> Task data:
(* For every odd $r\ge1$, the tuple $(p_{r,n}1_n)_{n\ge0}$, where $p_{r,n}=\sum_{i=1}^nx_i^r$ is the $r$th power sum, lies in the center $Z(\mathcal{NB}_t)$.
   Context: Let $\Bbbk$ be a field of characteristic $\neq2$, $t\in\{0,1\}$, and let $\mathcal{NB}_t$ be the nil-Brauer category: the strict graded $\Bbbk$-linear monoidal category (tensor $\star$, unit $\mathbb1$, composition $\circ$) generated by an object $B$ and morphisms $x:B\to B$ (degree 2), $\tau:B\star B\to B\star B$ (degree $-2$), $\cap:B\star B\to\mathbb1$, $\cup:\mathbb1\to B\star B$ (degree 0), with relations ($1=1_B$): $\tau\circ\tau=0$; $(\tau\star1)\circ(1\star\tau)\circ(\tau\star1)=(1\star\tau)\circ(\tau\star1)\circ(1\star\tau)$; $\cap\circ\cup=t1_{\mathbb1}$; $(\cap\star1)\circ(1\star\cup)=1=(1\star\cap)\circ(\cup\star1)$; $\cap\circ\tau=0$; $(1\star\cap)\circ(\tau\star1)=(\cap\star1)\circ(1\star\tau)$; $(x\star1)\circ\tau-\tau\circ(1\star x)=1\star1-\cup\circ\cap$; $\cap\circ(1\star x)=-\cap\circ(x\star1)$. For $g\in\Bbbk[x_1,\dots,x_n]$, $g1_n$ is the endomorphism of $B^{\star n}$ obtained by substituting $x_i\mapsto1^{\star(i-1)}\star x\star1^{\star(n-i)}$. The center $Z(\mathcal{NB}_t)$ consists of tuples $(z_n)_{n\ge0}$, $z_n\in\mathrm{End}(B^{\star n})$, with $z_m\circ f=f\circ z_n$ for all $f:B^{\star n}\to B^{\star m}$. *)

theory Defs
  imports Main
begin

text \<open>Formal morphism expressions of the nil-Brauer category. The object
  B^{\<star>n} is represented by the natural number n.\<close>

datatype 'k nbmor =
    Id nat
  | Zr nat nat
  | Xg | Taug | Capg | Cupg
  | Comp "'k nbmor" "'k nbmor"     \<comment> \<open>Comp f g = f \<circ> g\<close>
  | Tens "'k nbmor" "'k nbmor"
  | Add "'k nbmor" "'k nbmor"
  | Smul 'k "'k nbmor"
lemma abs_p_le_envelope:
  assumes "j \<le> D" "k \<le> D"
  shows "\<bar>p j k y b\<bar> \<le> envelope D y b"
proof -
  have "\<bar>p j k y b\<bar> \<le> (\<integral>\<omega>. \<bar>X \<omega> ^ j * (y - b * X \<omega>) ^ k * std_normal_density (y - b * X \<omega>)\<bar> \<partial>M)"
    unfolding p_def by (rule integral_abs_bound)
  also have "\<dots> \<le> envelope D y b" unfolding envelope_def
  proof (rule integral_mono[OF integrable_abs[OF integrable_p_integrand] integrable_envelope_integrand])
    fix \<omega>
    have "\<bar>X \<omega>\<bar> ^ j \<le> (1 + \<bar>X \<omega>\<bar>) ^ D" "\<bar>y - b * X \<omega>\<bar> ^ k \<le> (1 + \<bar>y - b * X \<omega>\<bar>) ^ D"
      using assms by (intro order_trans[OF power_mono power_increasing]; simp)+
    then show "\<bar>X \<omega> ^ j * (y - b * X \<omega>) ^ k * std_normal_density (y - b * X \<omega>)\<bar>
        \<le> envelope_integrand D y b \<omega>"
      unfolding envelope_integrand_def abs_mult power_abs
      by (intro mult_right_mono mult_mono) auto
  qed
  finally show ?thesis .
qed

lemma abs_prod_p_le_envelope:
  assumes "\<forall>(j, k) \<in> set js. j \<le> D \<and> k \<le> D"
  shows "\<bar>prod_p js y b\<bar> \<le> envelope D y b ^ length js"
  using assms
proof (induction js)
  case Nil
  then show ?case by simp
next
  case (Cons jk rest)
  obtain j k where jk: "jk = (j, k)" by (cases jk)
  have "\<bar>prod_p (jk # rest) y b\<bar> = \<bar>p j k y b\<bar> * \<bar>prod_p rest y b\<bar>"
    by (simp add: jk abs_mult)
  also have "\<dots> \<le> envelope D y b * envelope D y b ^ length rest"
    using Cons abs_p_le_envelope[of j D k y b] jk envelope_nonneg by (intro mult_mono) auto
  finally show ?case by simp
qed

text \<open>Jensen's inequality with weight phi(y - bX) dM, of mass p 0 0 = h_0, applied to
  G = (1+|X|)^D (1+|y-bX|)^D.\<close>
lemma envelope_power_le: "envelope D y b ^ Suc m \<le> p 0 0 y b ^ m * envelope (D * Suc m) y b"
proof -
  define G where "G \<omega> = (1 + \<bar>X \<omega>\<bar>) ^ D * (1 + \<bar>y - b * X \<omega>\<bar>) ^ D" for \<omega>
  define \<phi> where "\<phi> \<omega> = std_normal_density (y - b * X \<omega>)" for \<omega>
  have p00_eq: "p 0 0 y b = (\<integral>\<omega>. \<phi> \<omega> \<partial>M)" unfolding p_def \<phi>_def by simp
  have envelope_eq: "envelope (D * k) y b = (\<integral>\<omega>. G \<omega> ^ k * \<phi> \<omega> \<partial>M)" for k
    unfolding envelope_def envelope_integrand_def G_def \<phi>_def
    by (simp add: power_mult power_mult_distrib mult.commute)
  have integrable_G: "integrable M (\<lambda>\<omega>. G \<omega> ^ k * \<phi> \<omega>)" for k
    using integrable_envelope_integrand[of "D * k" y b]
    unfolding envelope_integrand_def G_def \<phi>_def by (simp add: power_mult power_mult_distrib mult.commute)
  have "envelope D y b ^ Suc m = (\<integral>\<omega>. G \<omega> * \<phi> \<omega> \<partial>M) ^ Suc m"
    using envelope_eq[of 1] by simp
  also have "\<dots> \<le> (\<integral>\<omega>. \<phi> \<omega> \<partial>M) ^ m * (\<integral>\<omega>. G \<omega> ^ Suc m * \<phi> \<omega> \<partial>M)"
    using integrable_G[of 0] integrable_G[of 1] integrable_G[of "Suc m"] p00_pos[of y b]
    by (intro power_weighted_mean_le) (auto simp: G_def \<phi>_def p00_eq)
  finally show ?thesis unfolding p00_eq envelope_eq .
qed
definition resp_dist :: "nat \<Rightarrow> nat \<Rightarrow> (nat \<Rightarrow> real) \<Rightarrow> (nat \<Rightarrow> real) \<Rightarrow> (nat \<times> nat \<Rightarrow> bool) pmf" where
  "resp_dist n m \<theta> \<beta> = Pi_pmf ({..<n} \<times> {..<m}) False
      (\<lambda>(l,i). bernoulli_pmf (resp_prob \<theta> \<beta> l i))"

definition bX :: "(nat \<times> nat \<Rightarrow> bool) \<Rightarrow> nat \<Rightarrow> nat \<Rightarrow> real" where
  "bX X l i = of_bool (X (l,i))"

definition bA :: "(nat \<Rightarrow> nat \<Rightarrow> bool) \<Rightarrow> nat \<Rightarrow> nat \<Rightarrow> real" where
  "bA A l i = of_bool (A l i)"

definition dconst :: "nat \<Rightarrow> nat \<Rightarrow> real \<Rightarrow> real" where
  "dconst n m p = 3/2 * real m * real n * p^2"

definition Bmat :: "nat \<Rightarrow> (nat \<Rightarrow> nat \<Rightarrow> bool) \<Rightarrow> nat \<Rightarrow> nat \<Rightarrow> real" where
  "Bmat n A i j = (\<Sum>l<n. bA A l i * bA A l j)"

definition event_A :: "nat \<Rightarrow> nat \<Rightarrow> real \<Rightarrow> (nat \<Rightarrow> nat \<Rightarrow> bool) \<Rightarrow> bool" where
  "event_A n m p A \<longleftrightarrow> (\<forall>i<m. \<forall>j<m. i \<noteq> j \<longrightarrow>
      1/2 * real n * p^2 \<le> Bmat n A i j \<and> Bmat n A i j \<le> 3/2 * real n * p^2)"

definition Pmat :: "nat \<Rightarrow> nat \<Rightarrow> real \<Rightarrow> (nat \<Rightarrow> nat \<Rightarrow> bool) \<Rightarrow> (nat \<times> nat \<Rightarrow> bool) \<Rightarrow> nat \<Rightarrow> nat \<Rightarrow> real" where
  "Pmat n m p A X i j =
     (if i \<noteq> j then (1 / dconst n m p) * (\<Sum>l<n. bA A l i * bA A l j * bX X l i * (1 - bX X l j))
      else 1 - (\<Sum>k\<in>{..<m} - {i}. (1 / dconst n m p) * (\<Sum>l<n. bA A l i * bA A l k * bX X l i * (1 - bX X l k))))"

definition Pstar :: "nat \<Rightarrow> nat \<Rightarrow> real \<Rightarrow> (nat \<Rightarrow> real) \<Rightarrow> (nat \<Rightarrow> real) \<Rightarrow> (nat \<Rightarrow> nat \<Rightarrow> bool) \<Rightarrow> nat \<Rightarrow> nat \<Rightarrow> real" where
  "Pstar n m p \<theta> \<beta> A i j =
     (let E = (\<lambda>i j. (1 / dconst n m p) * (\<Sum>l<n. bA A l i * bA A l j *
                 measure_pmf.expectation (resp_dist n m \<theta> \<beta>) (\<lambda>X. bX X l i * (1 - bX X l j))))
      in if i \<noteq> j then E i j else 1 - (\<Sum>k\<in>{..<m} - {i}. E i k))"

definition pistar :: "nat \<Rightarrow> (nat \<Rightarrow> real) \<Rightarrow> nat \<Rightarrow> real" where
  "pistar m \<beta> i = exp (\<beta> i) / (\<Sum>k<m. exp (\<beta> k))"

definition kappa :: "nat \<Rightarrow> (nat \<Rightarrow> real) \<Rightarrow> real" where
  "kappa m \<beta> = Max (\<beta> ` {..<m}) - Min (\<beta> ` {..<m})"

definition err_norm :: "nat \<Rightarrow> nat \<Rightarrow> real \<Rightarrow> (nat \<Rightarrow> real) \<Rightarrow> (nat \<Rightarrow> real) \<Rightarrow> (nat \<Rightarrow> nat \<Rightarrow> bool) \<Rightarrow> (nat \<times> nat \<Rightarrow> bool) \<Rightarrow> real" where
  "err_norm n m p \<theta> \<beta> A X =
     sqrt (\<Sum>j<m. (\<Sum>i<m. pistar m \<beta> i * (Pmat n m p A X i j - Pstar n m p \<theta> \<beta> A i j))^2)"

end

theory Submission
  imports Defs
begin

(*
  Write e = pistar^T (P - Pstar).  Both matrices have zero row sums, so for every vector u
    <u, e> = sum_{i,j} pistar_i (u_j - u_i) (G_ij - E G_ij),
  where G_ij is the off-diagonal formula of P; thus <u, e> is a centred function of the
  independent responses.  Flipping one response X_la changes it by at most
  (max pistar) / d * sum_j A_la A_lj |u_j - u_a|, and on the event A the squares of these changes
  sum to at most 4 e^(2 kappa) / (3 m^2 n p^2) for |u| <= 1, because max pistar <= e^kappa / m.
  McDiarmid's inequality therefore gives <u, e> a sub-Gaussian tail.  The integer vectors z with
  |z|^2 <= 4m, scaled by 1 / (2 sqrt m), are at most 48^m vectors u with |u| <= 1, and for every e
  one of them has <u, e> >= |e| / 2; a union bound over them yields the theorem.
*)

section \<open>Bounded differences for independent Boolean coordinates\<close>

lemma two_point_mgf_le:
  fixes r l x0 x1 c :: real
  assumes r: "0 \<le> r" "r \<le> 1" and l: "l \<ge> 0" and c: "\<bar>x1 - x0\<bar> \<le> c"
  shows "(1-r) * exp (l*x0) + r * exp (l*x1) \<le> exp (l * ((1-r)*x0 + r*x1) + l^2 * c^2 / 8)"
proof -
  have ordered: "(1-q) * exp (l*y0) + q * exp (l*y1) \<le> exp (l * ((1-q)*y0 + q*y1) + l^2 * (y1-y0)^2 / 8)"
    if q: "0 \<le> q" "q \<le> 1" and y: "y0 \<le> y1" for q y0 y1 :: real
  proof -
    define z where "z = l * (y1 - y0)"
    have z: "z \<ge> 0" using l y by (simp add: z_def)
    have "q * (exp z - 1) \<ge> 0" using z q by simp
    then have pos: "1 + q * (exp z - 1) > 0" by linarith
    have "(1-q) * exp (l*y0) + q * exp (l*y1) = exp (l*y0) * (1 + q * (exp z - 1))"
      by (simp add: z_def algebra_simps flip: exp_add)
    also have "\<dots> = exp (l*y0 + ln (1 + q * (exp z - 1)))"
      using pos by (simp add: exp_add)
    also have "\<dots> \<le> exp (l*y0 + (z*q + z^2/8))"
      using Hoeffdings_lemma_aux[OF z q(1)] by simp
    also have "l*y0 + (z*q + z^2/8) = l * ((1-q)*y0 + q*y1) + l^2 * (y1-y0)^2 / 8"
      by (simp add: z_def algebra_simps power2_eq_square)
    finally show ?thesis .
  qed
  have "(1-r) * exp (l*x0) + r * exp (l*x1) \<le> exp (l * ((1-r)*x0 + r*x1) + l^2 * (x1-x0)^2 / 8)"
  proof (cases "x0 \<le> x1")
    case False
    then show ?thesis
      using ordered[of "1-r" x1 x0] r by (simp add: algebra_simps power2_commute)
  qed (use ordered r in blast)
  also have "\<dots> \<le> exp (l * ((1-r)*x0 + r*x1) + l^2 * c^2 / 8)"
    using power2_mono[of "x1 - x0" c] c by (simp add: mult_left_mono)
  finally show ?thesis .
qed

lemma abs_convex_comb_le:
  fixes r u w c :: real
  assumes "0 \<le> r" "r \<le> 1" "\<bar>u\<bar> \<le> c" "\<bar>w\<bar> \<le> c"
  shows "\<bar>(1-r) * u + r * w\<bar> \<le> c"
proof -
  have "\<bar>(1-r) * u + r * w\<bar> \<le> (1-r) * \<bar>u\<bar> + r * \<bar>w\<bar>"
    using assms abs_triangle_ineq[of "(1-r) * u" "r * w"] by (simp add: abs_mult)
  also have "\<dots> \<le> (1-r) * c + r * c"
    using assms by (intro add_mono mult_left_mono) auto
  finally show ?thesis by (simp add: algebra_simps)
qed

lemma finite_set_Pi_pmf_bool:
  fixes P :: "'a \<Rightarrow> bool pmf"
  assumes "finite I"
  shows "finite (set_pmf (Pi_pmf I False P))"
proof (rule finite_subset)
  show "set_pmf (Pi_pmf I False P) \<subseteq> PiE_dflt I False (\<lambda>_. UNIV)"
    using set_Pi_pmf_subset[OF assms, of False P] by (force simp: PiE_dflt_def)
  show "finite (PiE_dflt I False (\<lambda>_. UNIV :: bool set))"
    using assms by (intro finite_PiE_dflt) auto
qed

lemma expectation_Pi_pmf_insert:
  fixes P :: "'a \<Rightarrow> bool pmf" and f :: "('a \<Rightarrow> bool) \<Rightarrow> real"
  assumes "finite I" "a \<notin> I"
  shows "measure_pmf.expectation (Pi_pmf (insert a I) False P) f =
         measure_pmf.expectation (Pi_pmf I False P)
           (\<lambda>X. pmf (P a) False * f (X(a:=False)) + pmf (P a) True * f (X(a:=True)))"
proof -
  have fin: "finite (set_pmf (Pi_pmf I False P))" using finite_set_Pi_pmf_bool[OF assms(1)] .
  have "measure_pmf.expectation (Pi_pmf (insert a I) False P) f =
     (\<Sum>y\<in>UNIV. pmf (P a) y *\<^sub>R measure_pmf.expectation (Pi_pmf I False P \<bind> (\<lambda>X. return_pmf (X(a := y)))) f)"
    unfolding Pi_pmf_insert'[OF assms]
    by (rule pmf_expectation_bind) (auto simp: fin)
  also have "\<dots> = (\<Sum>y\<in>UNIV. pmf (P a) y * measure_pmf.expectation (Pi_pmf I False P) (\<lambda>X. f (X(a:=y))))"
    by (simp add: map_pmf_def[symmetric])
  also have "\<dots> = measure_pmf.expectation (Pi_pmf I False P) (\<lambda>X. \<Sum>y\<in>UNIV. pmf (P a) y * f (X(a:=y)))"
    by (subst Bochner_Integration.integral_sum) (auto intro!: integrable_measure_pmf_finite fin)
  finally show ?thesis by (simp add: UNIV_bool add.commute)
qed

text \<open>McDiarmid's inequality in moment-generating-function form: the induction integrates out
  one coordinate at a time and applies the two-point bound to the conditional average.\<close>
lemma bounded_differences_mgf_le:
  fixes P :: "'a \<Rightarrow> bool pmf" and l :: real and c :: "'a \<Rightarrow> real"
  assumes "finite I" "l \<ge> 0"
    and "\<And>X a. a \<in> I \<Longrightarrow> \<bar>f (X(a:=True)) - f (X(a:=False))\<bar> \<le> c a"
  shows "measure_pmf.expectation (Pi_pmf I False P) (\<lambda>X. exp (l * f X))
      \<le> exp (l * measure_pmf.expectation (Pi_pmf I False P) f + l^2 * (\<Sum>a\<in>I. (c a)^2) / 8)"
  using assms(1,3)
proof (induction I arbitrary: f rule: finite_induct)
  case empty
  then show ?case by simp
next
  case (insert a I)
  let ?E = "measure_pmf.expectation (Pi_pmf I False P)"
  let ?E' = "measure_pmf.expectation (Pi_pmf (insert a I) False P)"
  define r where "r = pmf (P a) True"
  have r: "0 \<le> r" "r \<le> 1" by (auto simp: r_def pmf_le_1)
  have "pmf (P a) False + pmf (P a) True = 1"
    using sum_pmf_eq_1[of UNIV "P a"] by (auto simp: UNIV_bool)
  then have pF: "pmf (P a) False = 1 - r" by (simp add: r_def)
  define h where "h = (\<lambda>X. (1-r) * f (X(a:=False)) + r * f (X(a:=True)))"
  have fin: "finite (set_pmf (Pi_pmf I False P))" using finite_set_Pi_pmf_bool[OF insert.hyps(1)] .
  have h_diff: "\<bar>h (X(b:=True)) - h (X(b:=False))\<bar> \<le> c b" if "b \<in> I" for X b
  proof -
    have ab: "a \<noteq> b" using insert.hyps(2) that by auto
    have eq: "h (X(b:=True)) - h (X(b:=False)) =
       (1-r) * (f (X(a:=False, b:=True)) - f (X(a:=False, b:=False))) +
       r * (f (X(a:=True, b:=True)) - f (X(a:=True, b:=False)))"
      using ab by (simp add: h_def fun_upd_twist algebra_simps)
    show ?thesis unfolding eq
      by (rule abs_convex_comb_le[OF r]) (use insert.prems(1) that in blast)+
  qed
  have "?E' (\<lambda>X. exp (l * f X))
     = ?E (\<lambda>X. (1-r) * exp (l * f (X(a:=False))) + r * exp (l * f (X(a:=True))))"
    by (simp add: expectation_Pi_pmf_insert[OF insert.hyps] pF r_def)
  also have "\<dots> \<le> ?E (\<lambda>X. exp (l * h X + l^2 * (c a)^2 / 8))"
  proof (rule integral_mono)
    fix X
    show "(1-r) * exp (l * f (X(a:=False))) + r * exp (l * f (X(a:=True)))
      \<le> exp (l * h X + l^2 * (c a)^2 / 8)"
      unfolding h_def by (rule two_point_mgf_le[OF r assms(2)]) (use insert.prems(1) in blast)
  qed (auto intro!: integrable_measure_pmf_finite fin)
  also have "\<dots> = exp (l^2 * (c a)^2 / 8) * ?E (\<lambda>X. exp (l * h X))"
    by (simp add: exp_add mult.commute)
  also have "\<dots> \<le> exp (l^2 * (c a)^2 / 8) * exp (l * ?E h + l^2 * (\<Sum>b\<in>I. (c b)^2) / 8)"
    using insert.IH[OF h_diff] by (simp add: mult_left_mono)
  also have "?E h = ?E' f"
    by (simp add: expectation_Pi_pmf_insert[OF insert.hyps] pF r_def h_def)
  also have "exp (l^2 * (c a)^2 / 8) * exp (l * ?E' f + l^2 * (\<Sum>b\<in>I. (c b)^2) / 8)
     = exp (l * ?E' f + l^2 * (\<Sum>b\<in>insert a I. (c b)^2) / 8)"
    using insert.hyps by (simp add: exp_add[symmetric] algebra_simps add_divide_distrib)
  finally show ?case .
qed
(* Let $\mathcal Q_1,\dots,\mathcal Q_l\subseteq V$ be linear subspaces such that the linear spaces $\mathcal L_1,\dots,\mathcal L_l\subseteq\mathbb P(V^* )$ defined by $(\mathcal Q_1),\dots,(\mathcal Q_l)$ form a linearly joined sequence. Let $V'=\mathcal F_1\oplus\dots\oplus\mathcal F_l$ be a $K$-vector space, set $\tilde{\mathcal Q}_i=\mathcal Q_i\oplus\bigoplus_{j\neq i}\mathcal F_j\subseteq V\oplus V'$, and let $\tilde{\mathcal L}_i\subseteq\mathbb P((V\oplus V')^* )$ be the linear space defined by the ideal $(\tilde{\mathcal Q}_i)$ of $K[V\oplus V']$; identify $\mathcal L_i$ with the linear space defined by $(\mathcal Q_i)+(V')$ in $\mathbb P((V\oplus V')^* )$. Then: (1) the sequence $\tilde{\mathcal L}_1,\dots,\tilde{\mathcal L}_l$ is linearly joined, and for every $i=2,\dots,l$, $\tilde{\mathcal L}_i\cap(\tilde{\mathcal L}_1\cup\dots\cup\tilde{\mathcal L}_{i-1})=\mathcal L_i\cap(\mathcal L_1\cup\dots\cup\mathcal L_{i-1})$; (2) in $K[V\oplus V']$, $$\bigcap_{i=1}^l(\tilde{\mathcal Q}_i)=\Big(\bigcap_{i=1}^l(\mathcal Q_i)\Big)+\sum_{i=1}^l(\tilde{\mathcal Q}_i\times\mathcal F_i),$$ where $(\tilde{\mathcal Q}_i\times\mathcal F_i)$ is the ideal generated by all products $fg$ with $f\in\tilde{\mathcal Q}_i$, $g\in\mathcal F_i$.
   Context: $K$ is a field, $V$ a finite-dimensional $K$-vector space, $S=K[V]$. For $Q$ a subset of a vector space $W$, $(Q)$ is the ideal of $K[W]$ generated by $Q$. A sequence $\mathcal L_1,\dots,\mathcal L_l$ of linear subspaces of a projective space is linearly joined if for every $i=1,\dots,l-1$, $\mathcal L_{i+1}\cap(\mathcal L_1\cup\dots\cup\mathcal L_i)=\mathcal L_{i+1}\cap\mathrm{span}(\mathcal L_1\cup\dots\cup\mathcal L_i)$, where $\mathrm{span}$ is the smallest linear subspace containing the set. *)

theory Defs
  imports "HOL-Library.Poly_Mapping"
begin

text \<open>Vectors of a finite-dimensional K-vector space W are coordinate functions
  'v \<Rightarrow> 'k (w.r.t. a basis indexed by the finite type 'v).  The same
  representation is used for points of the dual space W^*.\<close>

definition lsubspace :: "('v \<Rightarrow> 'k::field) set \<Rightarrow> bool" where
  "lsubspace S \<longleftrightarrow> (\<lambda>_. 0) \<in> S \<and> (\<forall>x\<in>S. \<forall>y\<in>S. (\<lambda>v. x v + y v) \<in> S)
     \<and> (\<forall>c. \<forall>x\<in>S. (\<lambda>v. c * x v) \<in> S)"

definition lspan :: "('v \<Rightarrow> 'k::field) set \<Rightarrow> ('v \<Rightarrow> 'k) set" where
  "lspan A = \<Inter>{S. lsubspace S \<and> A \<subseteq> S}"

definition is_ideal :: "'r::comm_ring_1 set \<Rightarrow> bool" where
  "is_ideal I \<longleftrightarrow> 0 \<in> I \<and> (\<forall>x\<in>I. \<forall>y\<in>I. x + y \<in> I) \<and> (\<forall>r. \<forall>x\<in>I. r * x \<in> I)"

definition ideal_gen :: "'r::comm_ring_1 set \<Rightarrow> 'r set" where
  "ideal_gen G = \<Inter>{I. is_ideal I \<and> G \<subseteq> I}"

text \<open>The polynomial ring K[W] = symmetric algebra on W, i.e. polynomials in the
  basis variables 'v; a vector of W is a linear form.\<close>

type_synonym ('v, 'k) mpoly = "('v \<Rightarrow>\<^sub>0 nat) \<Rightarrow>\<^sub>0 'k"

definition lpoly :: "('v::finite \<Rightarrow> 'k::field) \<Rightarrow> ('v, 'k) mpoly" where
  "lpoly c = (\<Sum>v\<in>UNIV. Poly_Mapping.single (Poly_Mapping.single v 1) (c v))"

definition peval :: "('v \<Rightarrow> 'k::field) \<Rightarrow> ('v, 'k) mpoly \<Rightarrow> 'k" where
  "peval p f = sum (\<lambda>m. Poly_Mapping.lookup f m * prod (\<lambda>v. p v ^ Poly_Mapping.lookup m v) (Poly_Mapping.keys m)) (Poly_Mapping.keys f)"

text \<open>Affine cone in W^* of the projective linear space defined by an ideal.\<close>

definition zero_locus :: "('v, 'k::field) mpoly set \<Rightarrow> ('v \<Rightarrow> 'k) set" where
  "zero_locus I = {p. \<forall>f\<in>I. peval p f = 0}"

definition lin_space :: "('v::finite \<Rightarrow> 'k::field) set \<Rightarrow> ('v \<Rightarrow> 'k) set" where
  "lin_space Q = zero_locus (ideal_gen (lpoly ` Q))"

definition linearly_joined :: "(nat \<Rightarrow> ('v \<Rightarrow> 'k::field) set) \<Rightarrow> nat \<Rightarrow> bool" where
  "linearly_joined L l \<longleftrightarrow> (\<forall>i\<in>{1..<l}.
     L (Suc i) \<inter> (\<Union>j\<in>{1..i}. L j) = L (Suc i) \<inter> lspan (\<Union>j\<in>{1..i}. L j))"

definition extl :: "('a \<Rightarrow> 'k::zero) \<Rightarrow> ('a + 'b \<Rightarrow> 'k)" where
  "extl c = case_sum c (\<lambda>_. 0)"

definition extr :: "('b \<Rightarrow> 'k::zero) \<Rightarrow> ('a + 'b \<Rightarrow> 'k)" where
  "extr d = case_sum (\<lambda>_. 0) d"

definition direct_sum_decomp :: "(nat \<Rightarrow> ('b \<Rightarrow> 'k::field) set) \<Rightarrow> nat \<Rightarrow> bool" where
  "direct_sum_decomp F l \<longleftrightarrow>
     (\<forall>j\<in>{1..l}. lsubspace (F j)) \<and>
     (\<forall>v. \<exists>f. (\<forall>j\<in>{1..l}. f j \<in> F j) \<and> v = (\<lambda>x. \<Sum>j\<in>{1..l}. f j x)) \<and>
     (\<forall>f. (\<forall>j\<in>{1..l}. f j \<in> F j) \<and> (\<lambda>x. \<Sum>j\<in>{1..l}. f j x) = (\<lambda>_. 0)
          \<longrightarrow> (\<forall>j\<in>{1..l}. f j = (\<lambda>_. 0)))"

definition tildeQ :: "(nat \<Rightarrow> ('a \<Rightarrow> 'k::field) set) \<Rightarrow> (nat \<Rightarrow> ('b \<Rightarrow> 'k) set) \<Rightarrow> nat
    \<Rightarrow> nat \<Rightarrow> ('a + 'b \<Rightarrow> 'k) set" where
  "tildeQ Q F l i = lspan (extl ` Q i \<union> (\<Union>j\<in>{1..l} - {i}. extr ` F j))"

> Work request: Set down again, word for word, the stretch of records from the line with "in if i \<noteq>" to the line with "define z where", both of those lines included.

> Task answer:
      in if i \<noteq> j then E i j else 1 - (\<Sum>k\<in>{..<m} - {i}. E i k))"

definition pistar :: "nat \<Rightarrow> (nat \<Rightarrow> real) \<Rightarrow> nat \<Rightarrow> real" where
  "pistar m \<beta> i = exp (\<beta> i) / (\<Sum>k<m. exp (\<beta> k))"

definition kappa :: "nat \<Rightarrow> (nat \<Rightarrow> real) \<Rightarrow> real" where
  "kappa m \<beta> = Max (\<beta> ` {..<m}) - Min (\<beta> ` {..<m})"

definition err_norm :: "nat \<Rightarrow> nat \<Rightarrow> real \<Rightarrow> (nat \<Rightarrow> real) \<Rightarrow> (nat \<Rightarrow> real) \<Rightarrow> (nat \<Rightarrow> nat \<Rightarrow> bool) \<Rightarrow> (nat \<times> nat \<Rightarrow> bool) \<Rightarrow> real" where
  "err_norm n m p \<theta> \<beta> A X =
     sqrt (\<Sum>j<m. (\<Sum>i<m. pistar m \<beta> i * (Pmat n m p A X i j - Pstar n m p \<theta> \<beta> A i j))^2)"

end

theory Submission
  imports Defs
begin

(*
  Write e = pistar^T (P - Pstar).  Both matrices have zero row sums, so for every vector u
    <u, e> = sum_{i,j} pistar_i (u_j - u_i) (G_ij - E G_ij),
  where G_ij is the off-diagonal formula of P; thus <u, e> is a centred function of the
  independent responses.  Flipping one response X_la changes it by at most
  (max pistar) / d * sum_j A_la A_lj |u_j - u_a|, and on the event A the squares of these changes
  sum to at most 4 e^(2 kappa) / (3 m^2 n p^2) for |u| <= 1, because max pistar <= e^kappa / m.
  McDiarmid's inequality therefore gives <u, e> a sub-Gaussian tail.  The integer vectors z with
  |z|^2 <= 4m, scaled by 1 / (2 sqrt m), are at most 48^m vectors u with |u| <= 1, and for every e
  one of them has <u, e> >= |e| / 2; a union bound over them yields the theorem.
*)

section \<open>Bounded differences for independent Boolean coordinates\<close>

lemma two_point_mgf_le:
  fixes r l x0 x1 c :: real
  assumes r: "0 \<le> r" "r \<le> 1" and l: "l \<ge> 0" and c: "\<bar>x1 - x0\<bar> \<le> c"
  shows "(1-r) * exp (l*x0) + r * exp (l*x1) \<le> exp (l * ((1-r)*x0 + r*x1) + l^2 * c^2 / 8)"
proof -
  have ordered: "(1-q) * exp (l*y0) + q * exp (l*y1) \<le> exp (l * ((1-q)*y0 + q*y1) + l^2 * (y1-y0)^2 / 8)"
    if q: "0 \<le> q" "q \<le> 1" and y: "y0 \<le> y1" for q y0 y1 :: real
  proof -
    define z where "z = l * (y1 - y0)"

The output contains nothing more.